» **WHAT THIS TASK INVOLVES**: Reproduce exactly, and only, the lines below from the one containing "by (simp add: norm_blaschke_factor blaschke_weight_def" through the one containing "using assms by (simp add: le_divide_eq)".

Records contained in a dataset
┌──

(* Let $\Lambda\subset\mathbb{D}$ be a separated Blaschke sequence. Then there exist a partition $\Lambda=\Lambda_1\,\dot\cup\,\Lambda_2$ and constants $c,\eta>0$ such that for $k=1,2$ and all $\lambda\in\Lambda$, $$\log\frac{1}{|(B_k)_\lambda(\lambda)|}\ge c\log\frac{1}{|B_\lambda(\lambda)|}-\eta,$$ where $B_k=\prod_{\mu\in\Lambda_k}b_\mu$, and $(B_k)_\lambda=\prod_{\mu\in\Lambda_k\setminus\{\lambda\}}b_\mu$ if $\lambda\in\Lambda_k$, $(B_k)_\lambda=B_k$ otherwise.
   Context: For $\lambda\in\mathbb{D}$, $b_\lambda(z)=\frac{|\lambda|}{\lambda}\frac{\lambda-z}{1-\bar\lambda z}$ (with $b_0(z)=z$). For a Blaschke sequence $\Lambda$ (i.e. $\sum_{\lambda\in\Lambda}(1-|\lambda|^2)<\infty$), $B_\lambda=\prod_{\mu\in\Lambda\setminus\{\lambda\}}b_\mu$. $\Lambda$ is separated if $\inf_{\lambda\ne\mu,\ \lambda,\mu\in\Lambda}|b_\lambda(\mu)|>0$. *)

theory Defs
  imports "HOL-Analysis.Analysis"
begin

definition blaschke_factor :: "complex \<Rightarrow> complex \<Rightarrow> complex" where
  "blaschke_factor l z =
     (if l = 0 then z
      else (complex_of_real (cmod l) / l) * ((l - z) / (1 - cnj l * z)))"

definition blaschke_seq :: "complex set \<Rightarrow> bool" where
  "blaschke_seq L \<longleftrightarrow> L \<subseteq> ball 0 1 \<and> (\<lambda>l. 1 - (cmod l)\<^sup>2) summable_on L"

definition separated :: "complex set \<Rightarrow> bool" where
  "separated L \<longleftrightarrow> (\<exists>\<delta>>0. \<forall>l\<in>L. \<forall>m\<in>L. l \<noteq> m \<longrightarrow> \<delta> \<le> cmod (blaschke_factor l m))"

definition blaschke_prod :: "complex set \<Rightarrow> complex \<Rightarrow> complex" where
  "blaschke_prod L z = Lim (finite_subsets_at_top L) (\<lambda>F. \<Prod>m\<in>F. blaschke_factor m z)"

end

theory Submission
  imports Defs
begin

text \<open>
  Write \<open>W(l, m) = 1 - |b\<^sub>m(l)|\<^sup>2\<close>. For a separated sequence, \<open>-ln |b\<^sub>m(l)|\<close> is comparable to
  \<open>W(l, m)\<close>, so it suffices to split the sequence so that each half keeps a fixed fraction of
  every sum of \<open>W(l, m)\<close> over \<open>m \<noteq> l\<close>, up to an additive constant.
  Group the points into the dyadic annuli \<open>2 ^ -(j+1) < 1 - |m| \<le> 2 ^ -j\<close>, which are finite,
  sort each annulus by argument and assign its points alternately to the two halves.
  Within an annulus, \<open>W(l, m)\<close> is comparable to its value at the radial projection of \<open>m\<close> onto
  the circle \<open>|z| = 1 - 2 ^ -j\<close>, and there it is a function of the argument with at most four
  monotone pieces. Hence the alternating sum over the annulus is at most four times the maximum
  \<open>M\<^sub>j\<close> of \<open>W(l, -)\<close> on that circle, and \<open>\<Sum>\<^sub>j M\<^sub>j\<close> is bounded independently of \<open>l\<close> by a
  telescoping estimate.
\<close>

section \<open>Blaschke factors\<close>

definition blaschke_weight :: "complex \<Rightarrow> complex \<Rightarrow> real" where
  "blaschke_weight l m = (1 - (cmod l)\<^sup>2) * (1 - (cmod m)\<^sup>2) / (cmod (1 - cnj l * m))\<^sup>2"

lemma cmod_one_minus_cnj_mult_commute: "cmod (1 - cnj m * l) = cmod (1 - cnj l * m)"
proof -
  have "cnj (1 - cnj m * l) = 1 - cnj l * m" by (simp add: mult.commute)
  then show ?thesis by (metis complex_mod_cnj)
qed

lemma cmod_one_minus_cnj_mult_ge:
  assumes "cmod l < 1" "cmod m < 1"
  shows "1 - cmod l \<le> cmod (1 - cnj m * l)" "1 - cmod m \<le> cmod (1 - cnj m * l)"
proof -
  have "1 - cmod m * cmod l \<le> cmod (1 - cnj m * l)"
    by (metis norm_one norm_triangle_ineq2 norm_mult complex_mod_cnj)
  moreover have "cmod m * cmod l \<le> cmod l" "cmod m * cmod l \<le> cmod m"
    using assms by (simp_all add: mult_left_le_one_le mult_right_le_one_le)
  ultimately show "1 - cmod l \<le> cmod (1 - cnj m * l)" "1 - cmod m \<le> cmod (1 - cnj m * l)"
    by linarith+
qed

lemma cmod_one_minus_cnj_mult_pos: "cmod l < 1 \<Longrightarrow> cmod m < 1 \<Longrightarrow> 0 < cmod (1 - cnj m * l)"
  using cmod_one_minus_cnj_mult_ge(1)[of l m] by linarith

lemma norm_blaschke_factor:
  "cmod (blaschke_factor m l) = cmod (m - l) / cmod (1 - cnj m * l)"
proof (cases "m = 0")
  case False
  then have "cmod (complex_of_real (cmod m) / m) = 1" by (simp add: norm_divide)
  with False show ?thesis by (simp add: blaschke_factor_def norm_mult norm_divide)
qed (simp add: blaschke_factor_def norm_minus_commute)

lemma blaschke_factor_nonzero:
  "cmod l < 1 \<Longrightarrow> cmod m < 1 \<Longrightarrow> m \<noteq> l \<Longrightarrow> blaschke_factor m l \<noteq> 0"
  using norm_blaschke_factor[of m l] cmod_one_minus_cnj_mult_pos[of l m] by auto

lemma norm_blaschke_factor_commute: "cmod (blaschke_factor m l) = cmod (blaschke_factor l m)"
  by (simp add: norm_blaschke_factor norm_minus_commute cmod_one_minus_cnj_mult_commute)

lemma norm_blaschke_factor_sq:
  assumes "cmod l < 1" "cmod m < 1"
  shows "(cmod (blaschke_factor m l))\<^sup>2 = 1 - blaschke_weight l m"
proof -
  have pos: "0 < cmod (1 - cnj m * l)" using cmod_one_minus_cnj_mult_pos[OF assms] .
  have "(cmod (1 - cnj m * l))\<^sup>2 - (cmod (m - l))\<^sup>2 = (1 - (cmod l)\<^sup>2) * (1 - (cmod m)\<^sup>2)"
    unfolding cmod_power2 by (cases m; cases l) (simp add: power2_eq_square algebra_simps)
  with pos have "(cmod (m - l) / cmod (1 - cnj m * l))\<^sup>2
      = 1 - (1 - (cmod l)\<^sup>2) * (1 - (cmod m)\<^sup>2) / (cmod (1 - cnj m * l))\<^sup>2"
    by (simp add: power_divide field_simps)
  then show ?thesis
    by (simp add: norm_blaschke_factor blaschke_weight_def cmod_one_minus_cnj_mult_commute[of m l])
qed

lemma blaschke_weight_nonneg: "cmod l < 1 \<Longrightarrow> cmod m < 1 \<Longrightarrow> 0 \<le> blaschke_weight l m"
  unfolding blaschke_weight_def by (simp add: abs_square_le_1 less_imp_le)

lemma blaschke_weight_le_one: "cmod l < 1 \<Longrightarrow> cmod m < 1 \<Longrightarrow> blaschke_weight l m \<le> 1"
  using norm_blaschke_factor_sq[of l m] by (metis diff_ge_0_iff_ge zero_le_power2)

lemma norm_one_minus_blaschke_factor_le:
  assumes "cmod z < 1" "cmod m < 1"
  shows "cmod (1 - blaschke_factor m z) \<le> (1 - cmod m) * (1 + cmod z) / (1 - cmod z)"
proof (cases "m = 0")
  case True
  have "cmod (1 - z) \<le> 1 + cmod z" by (metis norm_one norm_triangle_ineq4)
  also have "\<dots> \<le> (1 + cmod z) / (1 - cmod z)"
    using assms by (simp add: le_divide_eq) (intro mult_left_le, auto)
  finally show ?thesis using True by (simp add: blaschke_factor_def)
next
  case False
  have den: "1 - cmod z \<le> cmod (1 - cnj m * z)" "1 - cnj m * z \<noteq> 0"
    using cmod_one_minus_cnj_mult_ge[OF assms] cmod_one_minus_cnj_mult_pos[OF assms] by auto
  have "m * (1 - cnj m * z) - cmod m * (m - z) = m - (m * cnj m) * z - cmod m * (m - z)"
    by (simp add: algebra_simps)
  also have "\<dots> = of_real (1 - cmod m) * (m + cmod m * z)"
    by (simp only: complex_norm_square[symmetric]) (simp add: algebra_simps power2_eq_square)
  finally have "m * (1 - cnj m * z) - cmod m * (m - z) = of_real (1 - cmod m) * (m + cmod m * z)" .
  moreover have "1 - blaschke_factor m z
      = (m * (1 - cnj m * z) - cmod m * (m - z)) / (m * (1 - cnj m * z))"
    using False den(2) by (simp add: blaschke_factor_def field_simps)
  ultimately have eq:
      "1 - blaschke_factor m z = of_real (1 - cmod m) * (m + cmod m * z) / (m * (1 - cnj m * z))"
    by simp
  have num: "cmod (m + cmod m * z) \<le> cmod m * (1 + cmod z)"
    using norm_triangle_ineq[of m "cmod m * z"] by (simp add: norm_mult algebra_simps)
  have "cmod (1 - blaschke_factor m z)
      = (1 - cmod m) * cmod (m + cmod m * z) / (cmod m * cmod (1 - cnj m * z))"
    unfolding eq norm_divide norm_mult norm_of_real using assms by simp
  also have "\<dots> \<le> (1 - cmod m) * (cmod m * (1 + cmod z)) / (cmod m * (1 - cmod z))"
    using assms False num den by (intro frac_le mult_left_mono) auto
  also have "\<dots> = (1 - cmod m) * (1 + cmod z) / (1 - cmod z)" using False by simp
  finally show ?thesis .
qed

└──

» **TASK RESULT**:
    by (simp add: norm_blaschke_factor blaschke_weight_def cmod_one_minus_cnj_mult_commute[of m l])
qed

lemma blaschke_weight_nonneg: "cmod l < 1 \<Longrightarrow> cmod m < 1 \<Longrightarrow> 0 \<le> blaschke_weight l m"
  unfolding blaschke_weight_def by (simp add: abs_square_le_1 less_imp_le)

lemma blaschke_weight_le_one: "cmod l < 1 \<Longrightarrow> cmod m < 1 \<Longrightarrow> blaschke_weight l m \<le> 1"
  using norm_blaschke_factor_sq[of l m] by (metis diff_ge_0_iff_ge zero_le_power2)

lemma norm_one_minus_blaschke_factor_le:
  assumes "cmod z < 1" "cmod m < 1"
  shows "cmod (1 - blaschke_factor m z) \<le> (1 - cmod m) * (1 + cmod z) / (1 - cmod z)"
proof (cases "m = 0")
  case True
  have "cmod (1 - z) \<le> 1 + cmod z" by (metis norm_one norm_triangle_ineq4)
  also have "\<dots> \<le> (1 + cmod z) / (1 - cmod z)"
    using assms by (simp add: le_divide_eq) (intro mult_left_le, auto)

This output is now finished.